Policy-Based Access Control System for Delta Lake

• Published in: 2022 Tenth International Conference on Advanced Cloud and Big Data (CBD) pp. 60 - 65
• Main Authors: Chen, Zhe, Shao, Hangyu, Li, Yuping, Lu, Hongru, Jin, Jiahui
• Format: Conference Proceeding
• Language: English
• Published: IEEE 01.11.2022
• Subjects: Access control; Big Data applications; Data Lake; Data warehouses; Delta Lake; Lakes; Lead; Memory; Metadata
• DOI: 10.1109/CBD58033.2022.00020

Delta lake is a new generation of data storage solutions.
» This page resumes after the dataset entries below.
lemma src_tgt_cohX:
  assumes alg: "walg X \<alpha>" and f: "gmap (posG B) X f" and "tdim B \<le> n" "full_sphere B (Suc n) (Some (a, b))"
  shows "src X (cohX \<alpha> B (Some (a, b)) f) = \<alpha> (psub a (on_poss B (Var \<circ> f))) \<and>
         tgt X (cohX \<alpha> B (Some (a, b)) f) = \<alpha> (psub b (on_poss B (Var \<circ> f)))"
proof -
  from assms(3,4) have "wfp B (Suc n) (pcoh B (Some (a, b)))" "wfp B n a" "wfp B n b"
    by (simp_all add: wfp_pcoh full_sphere_Suc_iff)
  with alpha_psub_psrc_ptgt[OF alg pglob_on_poss_Var[OF f]] psrc_ptgt_pcoh show ?thesis
    unfolding cohX_eq_alpha_psub_pcoh by metis
qed

section \<open>Disks and composition trees\<close>

definition ps0_pow :: "nat \<Rightarrow> pos \<Rightarrow> pos" where
  "ps0_pow d q = (PS 0 ^^ d) q"

lemma ps0_pow_0 [simp]: "ps0_pow 0 q = q"
  by (simp add: ps0_pow_def)

lemma ps0_pow_Suc: "ps0_pow (Suc d) q = PS 0 (ps0_pow d q)"
  by (simp add: ps0_pow_def)

lemma ps0_pow_Suc_inner: "ps0_pow (Suc d) q = ps0_pow d (PS 0 q)"
  by (simp add: ps0_pow_def funpow_Suc_right del: funpow.simps)

lemma posdim_ps0_pow [simp]: "posdim (ps0_pow d q) = d + posdim q"
  by (induction d) (auto simp: ps0_pow_Suc)

lemma pinds_ps0_pow [simp]: "pinds (ps0_pow d q) = replicate d 0 @ pinds q"
  by (induction d) (auto simp: ps0_pow_Suc)

lemma top_eq_ps0_pow: "top n = ps0_pow n (PZ 0)"
  by (induction n) (auto simp: ps0_pow_Suc)

lemma possrc_postgt_ps0_pow:
  "0 < posdim q \<Longrightarrow> possrc (ps0_pow d q) = ps0_pow d (possrc q) \<and> postgt (ps0_pow d q) = ps0_pow d (postgt q)"
proof (induction d)
  case (Suc d)
  then show ?case
    using posdim_ps0_pow[of d q] by (cases "ps0_pow d q") (auto simp: ps0_pow_Suc)
qed simp

lemma possrc_ps0_pow_PZ [simp]: "possrc (ps0_pow (Suc d) (PZ j)) = ps0_pow d (PZ 0)"
  and postgt_ps0_pow_PZ [simp]: "postgt (ps0_pow (Suc d) (PZ j)) = ps0_pow d (PZ 1)"
  using possrc_postgt_ps0_pow[of "PS 0 (PZ j)" d] by (simp_all add: ps0_pow_Suc_inner)

lemma possrc_ps0_pow_PS [simp]: "possrc (ps0_pow d (PS i (PZ 0))) = ps0_pow d (PZ i)"
  and postgt_ps0_pow_PS [simp]: "postgt (ps0_pow d (PS i (PZ 0))) = ps0_pow d (PZ (Suc i))"
  using possrc_postgt_ps0_pow[of "PS i (PZ 0)" d] by simp_all

lemma tdim_disk [simp]: "tdim (disk n) = n"
  by (induction n) (auto simp: tdim_singleton)

lemma tdim_comptree [simp]: "tdim (comptree n) = Suc n"
  by (induction n) (auto simp: tdim_singleton tdim.simps)

lemma poss_singleton_iff: "p \<in> poss (Node [C]) \<longleftrightarrow> p = PZ 0 \<or> p = PZ 1 \<or> (\<exists>q. p = PS 0 q \<and> q \<in> poss C)"
  by (auto simp: poss_def ispos_Node_iff)

lemma ex_ps0_pow_Suc_iff:
  "(\<exists>d j. p = ps0_pow d (PZ j) \<and> (d < Suc n \<and> j \<le> 1 \<or> d = Suc n \<and> Q j)) \<longleftrightarrow>
   p = PZ 0 \<or> p = PZ 1 \<or> (\<exists>q. p = PS 0 q \<and> (\<exists>d j. q = ps0_pow d (PZ j) \<and> (d < n \<and> j \<le> 1 \<or> d = n \<and> Q j)))"
proof
  assume "\<exists>d j. p = ps0_pow d (PZ j) \<and> (d < Suc n \<and> j \<le> 1 \<or> d = Suc n \<and> Q j)"
  then obtain d j where "p = ps0_pow d (PZ j)" "d < Suc n \<and> j \<le> 1 \<or> d = Suc n \<and> Q j" by blast
  then show "p = PZ 0 \<or> p = PZ 1 \<or> (\<exists>q. p = PS 0 q \<and> (\<exists>d j. q = ps0_pow d (PZ j) \<and> (d < n \<and> j \<le> 1 \<or> d = n \<and> Q j)))"
    by (cases d) (auto simp: ps0_pow_Suc le_Suc_eq)
next
  assume "p = PZ 0 \<or> p = PZ 1 \<or> (\<exists>q. p = PS 0 q \<and> (\<exists>d j. q = ps0_pow d (PZ j) \<and> (d < n \<and> j \<le> 1 \<or> d = n \<and> Q j)))"
  then show "\<exists>d j. p = ps0_pow d (PZ j) \<and> (d < Suc n \<and> j \<le> 1 \<or> d = Suc n \<and> Q j)"
  proof (elim disjE)
    assume "p = PZ 0"
    then show ?thesis by (intro exI[of _ 0] exI[of _ 0]) simp
  next
    assume "p = PZ 1"
    then show ?thesis by (intro exI[of _ 0] exI[of _ 1]) simp
  next
    assume "\<exists>q. p = PS 0 q \<and> (\<exists>d j. q = ps0_pow d (PZ j) \<and> (d < n \<and> j \<le> 1 \<or> d = n \<and> Q j))"
    then obtain d j where "p = ps0_pow (Suc d) (PZ j)" "d < n \<and> j \<le> 1 \<or> d = n \<and> Q j"
      by (auto simp: ps0_pow_Suc)
    then show ?thesis by auto
  qed
qed

lemma poss_disk: "p \<in> poss (disk n) \<longleftrightarrow> (\<exists>d j. p = ps0_pow d (PZ j) \<and> (d < n \<and> j \<le> 1 \<or> d = n \<and> j = 0))"
proof (induction n arbitrary: p)
  case 0
  show ?case by (auto simp: poss_def ispos_Node_iff)
next
  case (Suc n)
  show ?case by (simp only: disk.simps poss_singleton_iff Suc.IH ex_ps0_pow_Suc_iff)
qed

lemma poss_comptree: "p \<in> poss (comptree n) \<longleftrightarrow> (\<exists>i\<le>1. p = ps0_pow n (PS i (PZ 0))) \<or>
   (\<exists>d j. p = ps0_pow d (PZ j) \<and> (d < n \<and> j \<le> 1 \<or> d = n \<and> j \<le> 2))"
proof (induction n arbitrary: p)
  case 0
  show ?case by (auto simp: poss_def ispos_Node_iff less_Suc_eq nth_Cons' le_Suc_eq)
next
  case (Suc n)
  have "(\<exists>i\<le>1. p = ps0_pow (Suc n) (PS i (PZ 0))) \<longleftrightarrow> (\<exists>q. p = PS 0 q \<and> (\<exists>i\<le>1. q = ps0_pow n (PS i (PZ 0))))"
    by (auto simp: ps0_pow_Suc)
  then show ?case
    by (simp only: comptree.simps poss_singleton_iff Suc.IH ex_ps0_pow_Suc_iff) blast
qed

lemma disk_posE:
  assumes "p \<in> poss (disk n)"
  obtains d j where "p = ps0_pow d (PZ j)" "d < n \<and> j \<le> 1 \<or> d = n \<and> j = 0"
  using assms unfolding poss_disk by blast

lemma comptree_posE:
  assumes "p \<in> poss (comptree n)"
  obtains (top) i where "i \<le> 1" "p = ps0_pow n (PS i (PZ 0))"
    | (globe) d j where "p = ps0_pow d (PZ j)" "d < n \<and> j \<le> 1 \<or> d = n \<and> j \<le> 2"
  using assms unfolding poss_comptree by blast

lemma top_in_poss_disk: "top n \<in> poss (disk n)"
  by (auto simp: poss_disk top_eq_ps0_pow)

lemma PVar_ps0_pow_in_pbdries:
  "d < k \<and> j \<le> 1 \<or> d = k \<and> j = j0 \<Longrightarrow> PVar (ps0_pow d (PZ j)) \<in> pbdries k (PVar (ps0_pow k (PZ j0)))"
proof (induction k arbitrary: j0)
  case (Suc k)
  have "pbdries (Suc k) (PVar (ps0_pow (Suc k) (PZ j0))) =
    {PVar (ps0_pow (Suc k) (PZ j0))} \<union> pbdries k (PVar (ps0_pow k (PZ 0))) \<union> pbdries k (PVar (ps0_pow k (PZ 1)))"
    by simp
  with Suc.prems Suc.IH[of 0] Suc.IH[of 1] show ?case
    by (auto simp: less_Suc_eq le_Suc_eq)
qed simp

lemma covers_disk_top: "covers (disk n) n (PVar (top n))"
  unfolding covers_def
proof
  fix p assume "p \<in> poss (disk n)"
  then obtain d j where "p = ps0_pow d (PZ j)" "d < n \<and> j \<le> 1 \<or> d = n \<and> j = 0"
    by (auto simp: poss_disk)
  then have "PVar p \<in> pbdries n (PVar (top n))"
    unfolding top_eq_ps0_pow by (auto intro: PVar_ps0_pow_in_pbdries)
  then show "p \<in> \<Union> (occ ` pbdries n (PVar (top n)))" by force
qed

lemma full_sphere_disk: "full_sphere (disk n) (Suc n) (Some (PVar (top n), PVar (top n)))"
  using top_in_poss_disk covers_disk_top by (simp add: full_sphere_Suc_iff wfp_PVar_iff top_eq_ps0_pow)

lemma bdry_comptree: "bdry n (comptree n) = disk n"
  by (induction n) auto

lemma ssrc_ttgt_comptree_top:
  "ssrc n (comptree n) (top n) = ps0_pow n (PZ 0) \<and> ttgt n (comptree n) (top n) = ps0_pow n (PZ 2)"
  by (induction n) (auto simp: ps0_pow_Suc)

lemma full_sphere_comptree:
  "full_sphere (comptree n) (Suc n)
     (Some (PVar (ssrc n (comptree n) (top n)), PVar (ttgt n (comptree n) (top n))))"
proof -
  have "wfp (comptree n) n (PVar (ps0_pow n (PZ j)))" if "j \<le> 2" for j
    using that by (auto simp: wfp_PVar_iff poss_comptree)
  moreover have "psrc (PVar (ps0_pow n (PZ 0))) = psrc (PVar (ps0_pow n (PZ 2))) \<and>
                 ptgt (PVar (ps0_pow n (PZ 0))) = ptgt (PVar (ps0_pow n (PZ 2)))" if "0 < n"
    using that by (cases n) auto
  moreover have "wfp (disk n) n (PVar (top n))"
    using top_in_poss_disk by (simp add: wfp_PVar_iff top_eq_ps0_pow)
  ultimately show ?thesis
    by (intro full_sphere_SucI[where u' = "PVar (top n)" and v' = "PVar (top n)"])
      (simp_all add: bdry_comptree covers_disk_top pmap_def ssrc_ttgt_comptree_top)
qed
text \<open>With Y = \<Sum>_t u_t u_t^*, the blockwise image of Y is \<Sum>_t of the compressions of X by the
  l \<times> k matrices (u_t(i l + a))_ai.\<close>
lemma mat_pairing_psd_in_cone:
  assumes os: "operator_system smul star C e" and k: "1 \<le> k" and l: "1 \<le> l" and X: "X \<in> C l"
    and Y: "Y \<in> carrier_mat (k * l) (k * l)" "psd Y"
  shows "(\<lambda>i j. if i < k \<and> j < k then mat_pairing smul l X (blk l Y i j) else 0) \<in> C k"
proof -
  interpret vector_space smul by (rule os_vector_space[OF os])
  have "psd_fun (k * l) (\<lambda>i j. Y $$ (i, j))"
    using psd_imp_psd_fun[OF Y(2)] Y(1) by simp
  then obtain U and R :: nat where U: "\<forall>i<k*l. \<forall>j<k*l. Y $$ (i, j) = (\<Sum>t<R. cnj (U t i) * U t j)"
    using psd_fun_gram by blast
  define W where "W = (\<lambda>t i j. if i < k \<and> j < k then
      (\<Sum>a<l. \<Sum>b<l. smul (cnj (U t (i * l + a)) * U t (j * l + b)) (X a b)) else 0)"
  have "W t \<in> C k" for t
    using os_cone_compress[OF os l k X, of "\<lambda>a i. U t (i * l + a)"] unfolding W_def .
  then have "(\<lambda>i j. \<Sum>t<R. W t i j) \<in> C k" by (rule os_cone_sum[OF os k])
  moreover have "(\<Sum>t<R. W t i j) = (if i < k \<and> j < k then mat_pairing smul l X (blk l Y i j) else 0)"
    for i j
  proof (cases "i < k \<and> j < k")
    case True
    have "mat_pairing smul l X (blk l Y i j) = (\<Sum>a<l. \<Sum>b<l.
        smul (\<Sum>t<R. cnj (U t (i * l + a)) * U t (j * l + b)) (X a b))"
      unfolding mat_pairing_def blk_def using True
      by (intro sum.cong refl) (simp add: U block_index_less)
    also have "\<dots> = (\<Sum>t<R. \<Sum>a<l. \<Sum>b<l. smul (cnj (U t (i * l + a)) * U t (j * l + b)) (X a b))"
      by (simp add: scale_sum_left sum.swap[of _ "{..<R}"])
    finally show ?thesis unfolding W_def using True by simp
  next
    case False
    then show ?thesis unfolding W_def if_not_P[OF False] by simp
  qed
  ultimately show ?thesis by simp
qed

lemma k_pos_mat_pairing:
  assumes os: "operator_system smul star C e" and k: "1 \<le> k" and l: "1 \<le> l" and X: "X \<in> C l"
    and \<phi>: "k_pos_os C k n \<phi>"
  shows "k_pos_mat k l n (\<phi> \<circ> mat_pairing smul l X)"
  unfolding k_pos_mat_def
proof (intro ballI impI)
  fix Y assume "Y \<in> carrier_mat (k * l) (k * l)" "psd Y"
  then have "(\<lambda>i j. if i < k \<and> j < k then mat_pairing smul l X (blk l Y i j) else 0) \<in> C k"
    by (rule mat_pairing_psd_in_cone[OF os k l X])
  then have "psd (ampl k n (\<lambda>i j. \<phi> (if i < k \<and> j < k then mat_pairing smul l X (blk l Y i j) else 0)))"
    by (rule bspec[OF \<phi>[unfolded k_pos_os_def]])
  moreover have "ampl k n (\<lambda>i j. \<phi> (if i < k \<and> j < k then mat_pairing smul l X (blk l Y i j) else 0))
      = ampl k n (\<lambda>i j. (\<phi> \<circ> mat_pairing smul l X) (blk l Y i j))"
    by (rule ampl_cong) simp
  ultimately show "psd (ampl k n (\<lambda>i j. (\<phi> \<circ> mat_pairing smul l X) (blk l Y i j)))" by simp
qed

theorem mainTheorem17:
  fixes smul :: "complex \<Rightarrow> 'a \<Rightarrow> 'a::ab_group_add"
    and star :: "'a \<Rightarrow> 'a" and C :: "nat \<Rightarrow> (nat \<Rightarrow> nat \<Rightarrow> 'a) set" and e :: 'a
    and \<psi> :: "complex mat \<Rightarrow> complex mat" and \<phi> :: "'a \<Rightarrow> complex mat"
    and k n m :: nat
  assumes "operator_system smul star C e"
    and "1 \<le> k"
    and "k_PEB k n m \<psi>"
    and "lin_os_map smul n \<phi>"
    and "k_pos_os C k n \<phi>"
  shows "compl_pos_os C m (\<psi> \<circ> \<phi>)"
  unfolding compl_pos_os_def k_pos_os_def
proof (intro allI ballI)
  fix l X assume X: "X \<in> C l"
  show "psd (ampl l m (\<lambda>i j. (\<psi> \<circ> \<phi>) (X i j)))"
  proof (cases "l = 0")
    case True
    then show ?thesis using psd_ampl_0 by simp
  next
    case False
    then have l: "1 \<le> l" by simp
    have vs: "vector_space smul" by (rule os_vector_space[OF assms(1)])
    have "k_pos_mat l l m (\<psi> \<circ> (\<phi> \<circ> mat_pairing smul l X))"
      using assms(3) l lin_mat_map_pairing[OF vs assms(4)] k_pos_mat_pairing[OF assms(1,2) l X assms(5)]
      unfolding k_PEB_def by blast
    then have "psd (ampl l m (\<lambda>i j. (\<psi> \<circ> (\<phi> \<circ> mat_pairing smul l X)) (blk l (choi l) i j)))"
      by (rule k_pos_mat_choi)
    moreover have "ampl l m (\<lambda>i j. (\<psi> \<circ> (\<phi> \<circ> mat_pairing smul l X)) (blk l (choi l) i j))
        = ampl l m (\<lambda>i j. (\<psi> \<circ> \<phi>) (X i j))"
      by (rule ampl_cong) (simp add: mat_pairing_blk_choi[OF vs])
    ultimately show ?thesis by simp
  qed
qed
lemma partition_covers:
  assumes "t \<in> {x 1..x N}"
  shows "\<exists>i\<in>{1..N-1}. t \<in> {x i..x (i+1)}"
proof -
  have "\<exists>i\<in>{1..M-1}. t \<in> {x i..x (i+1)}" if "2 \<le> M" "M \<le> N" "t \<in> {x 1..x M}" for M
    using that
  proof (induction M)
    case (Suc M)
    show ?case
    proof (cases "t \<le> x M \<and> 2 \<le> M")
      case True
      with Suc show ?thesis by force
    next
      case False
      with Suc.prems show ?thesis by (cases "M = 1") (auto intro!: bexI[of _ M])
    qed
  qed simp
  with assms N_gt_2 show ?thesis by simp
qed

lemma piece_in_interval:
  assumes "i \<in> {1..N-1}"
  shows "x 1 \<le> x i" "x (i+1) \<le> x N"
  using assms x_mono[of 1 i] x_mono[of "i+1" N] by auto

lemma aff_a_pos:
  assumes "i \<in> {1..N-1}"
  shows "0 < aff_a x N i"
proof -
  have "x i < x (i+1)" using assms incr by auto
  then show ?thesis using x_first_less_last by (simp add: aff_a_def)
qed

text \<open>This is where \<open>N > 2\<close> is needed: no piece is the whole interval.\<close>
lemma aff_a_less_1:
  assumes i: "i \<in> {1..N-1}"
  shows "aff_a x N i < 1"
proof -
  have "x (i+1) - x i < x N - x 1"
  proof (cases "i = 1")
    case True
    then show ?thesis using x_strict_mono[of "i+1" N] N_gt_2 by simp
  next
    case False
    then have "x 1 < x i" using x_strict_mono[of 1 i] i by auto
    then show ?thesis using piece_in_interval[OF i] by linarith
  qed
  then show ?thesis using x_first_less_last by (simp add: aff_a_def)
qed

lemma aff_maps_endpoints:
  "aff_a x N i * x 1 + aff_d x N i = x i" "aff_a x N i * x N + aff_d x N i = x (i+1)"
proof -
  have "aff_a x N i * (x N - x 1) = x (i+1) - x i"
    using x_first_less_last by (simp add: aff_a_def)
  then show "aff_a x N i * x 1 + aff_d x N i = x i" "aff_a x N i * x N + aff_d x N i = x (i+1)"
    unfolding aff_d_def by (simp_all add: algebra_simps)
qed

lemma aff_image_interval: "{aff_a x N i * x 1 + aff_d x N i..aff_a x N i * x N + aff_d x N i} = {x i..x (i+1)}"
  by (simp only: aff_maps_endpoints)

lemma aff_image_subset:
  assumes "i \<in> {1..N-1}"
  shows "x 1 \<le> aff_a x N i * x 1 + aff_d x N i" "aff_a x N i * x N + aff_d x N i \<le> x N"
  unfolding aff_maps_endpoints using piece_in_interval[OF assms] by auto

lemma integral_le_sum_pieces:
  fixes F :: "real \<Rightarrow> real"
  assumes Fi: "integrable (lebesgue_on {x 1..x N}) F" and F0: "\<And>t. 0 \<le> F t"
  shows "(\<integral>t. F t \<partial>lebesgue_on {x 1..x N}) \<le> (\<Sum>i=1..N-1. (\<integral>t. F t \<partial>lebesgue_on {x i..x (i+1)}))"
proof -
  let ?F = "\<lambda>i t. indicator {x i..x (i+1)} t *\<^sub>R F t"
  have ii: "integrable lebesgue (?F i)" if "i \<in> {1..N-1}" for i
    using integrable_on_subinterval[OF Fi] piece_in_interval[OF that]
    by (subst (asm) integrable_restrict_space) auto
  have "(\<integral>t. F t \<partial>lebesgue_on {x 1..x N}) = (\<integral>t. indicator {x 1..x N} t *\<^sub>R F t \<partial>lebesgue)"
    by (subst integral_restrict_space) auto
  also have "\<dots> \<le> (\<integral>t. (\<Sum>i=1..N-1. ?F i t) \<partial>lebesgue)"
  proof (rule Bochner_Integration.integral_mono)
    show "integrable lebesgue (\<lambda>t. indicator {x 1..x N} t *\<^sub>R F t)"
      using Fi by (subst (asm) integrable_restrict_space) auto
    show "integrable lebesgue (\<lambda>t. \<Sum>i=1..N-1. ?F i t)"
      using ii by (intro Bochner_Integration.integrable_sum) auto
    fix t
    show "indicator {x 1..x N} t *\<^sub>R F t \<le> (\<Sum>i=1..N-1. ?F i t)"
    proof (cases "t \<in> {x 1..x N}")
      case True
      then obtain i0 where i0: "i0 \<in> {1..N-1}" "t \<in> {x i0..x (i0+1)}"
        using partition_covers by blast
      have "?F i0 t \<le> (\<Sum>i=1..N-1. ?F i t)"
        by (rule member_le_sum[OF i0(1)]) (auto simp: F0 indicator_def)
      then show ?thesis using True i0 by simp
    qed (auto simp: F0 intro: sum_nonneg)
  qed
  also have "\<dots> = (\<Sum>i=1..N-1. (\<integral>t. ?F i t \<partial>lebesgue))"
    using ii by (intro Bochner_Integration.integral_sum) auto
  also have "\<dots> = (\<Sum>i=1..N-1. (\<integral>t. F t \<partial>lebesgue_on {x i..x (i+1)}))"
    by (intro sum.cong refl) (subst integral_restrict_space, auto)
  finally show ?thesis .
qed

end

section \<open>The contraction estimate\<close>

definition piecewise_rescaled ::
  "(nat \<Rightarrow> real) \<Rightarrow> nat \<Rightarrow> nat \<Rightarrow> ennreal \<Rightarrow> (nat \<Rightarrow> real) \<Rightarrow> (real \<Rightarrow> real) \<Rightarrow> (real \<Rightarrow> real) \<Rightarrow> bool"
  where
  "piecewise_rescaled x N k p \<alpha> u h \<longleftrightarrow>
     (\<forall>i\<in>{1..N-1}. \<forall>j\<le>k. AE t in lebesgue_on {x i..x (i+1)}.
        wD (x 1) (x N) p j u t = \<alpha> i * (1 / aff_a x N i) ^ j * wD (x 1) (x N) p j h (aff_inv x N i t))"

lemma powr_scaling_le:
  fixes A P :: real
  assumes A: "0 < A" "A \<le> 1" and P: "0 \<le> P" and jk: "j \<le> k"
  shows "((1 / A) ^ j) powr P * A \<le> 1 / A powr (real k * P - 1)"
proof -
  have e1: "(1 / A) ^ j = 1 / A powr (real j)" using A by (simp add: powr_realpow power_one_over)
  have e2: "((1 / A) ^ j) powr P = 1 / A powr (real j * P)"
    unfolding e1 powr_divide using A by (simp add: powr_powr)
  have e3: "A powr (real k * P - 1) = A powr (real k * P) / A"
    using A by (simp add: powr_diff)
  have m: "A powr (real k * P) \<le> A powr (real j * P)"
    using A P jk by (intro powr_mono') (auto intro: mult_right_mono)
  have pos: "0 < A powr (real k * P)" using A by simp
  have "((1 / A) ^ j) powr P * A = A / A powr (real j * P)" unfolding e2 by simp
  also have "\<dots> \<le> A / A powr (real k * P)"
    using m pos A by (intro divide_left_mono) auto
  also have "\<dots> = 1 / A powr (real k * P - 1)" unfolding e3 using A pos by simp
  finally show ?thesis .
qed

context interval_partition
begin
It stores both transaction log and data files in one directory, and provides ACID transactions, scalable metadata handling, and unifies streaming and batch data processing on top of existing data lakes, such as S3, ADLS, GCS, and HDFS. Different from data warehouses, delta lakes allow data to be stored in the original format, retain complete data information, and provide efficient and low-cost storage solutions for data computing and analysis businesses. However, Since Delta Lake metadata is scattered in different resource files, the lack of a unified metadata view increases the difficulty of data governance. Also, Delta Lake adopts an open source storage system as the underlying storage, and its basic access control does not isolate different users, which may lead the risk of data leakage. At present, most common storage systems use data tables' row and column fields for access control, while delta lake treats the file group as an object. In this paper, aiming at the difficulty of data governance, we design a data lake metadata management method to achieve unified and efficient management of metadata information in heterogeneous data. Then, we design a policy-based data lake access control mechanism, combined with the open source permission framework, and complete the access request for different users and roles in Delta Lake.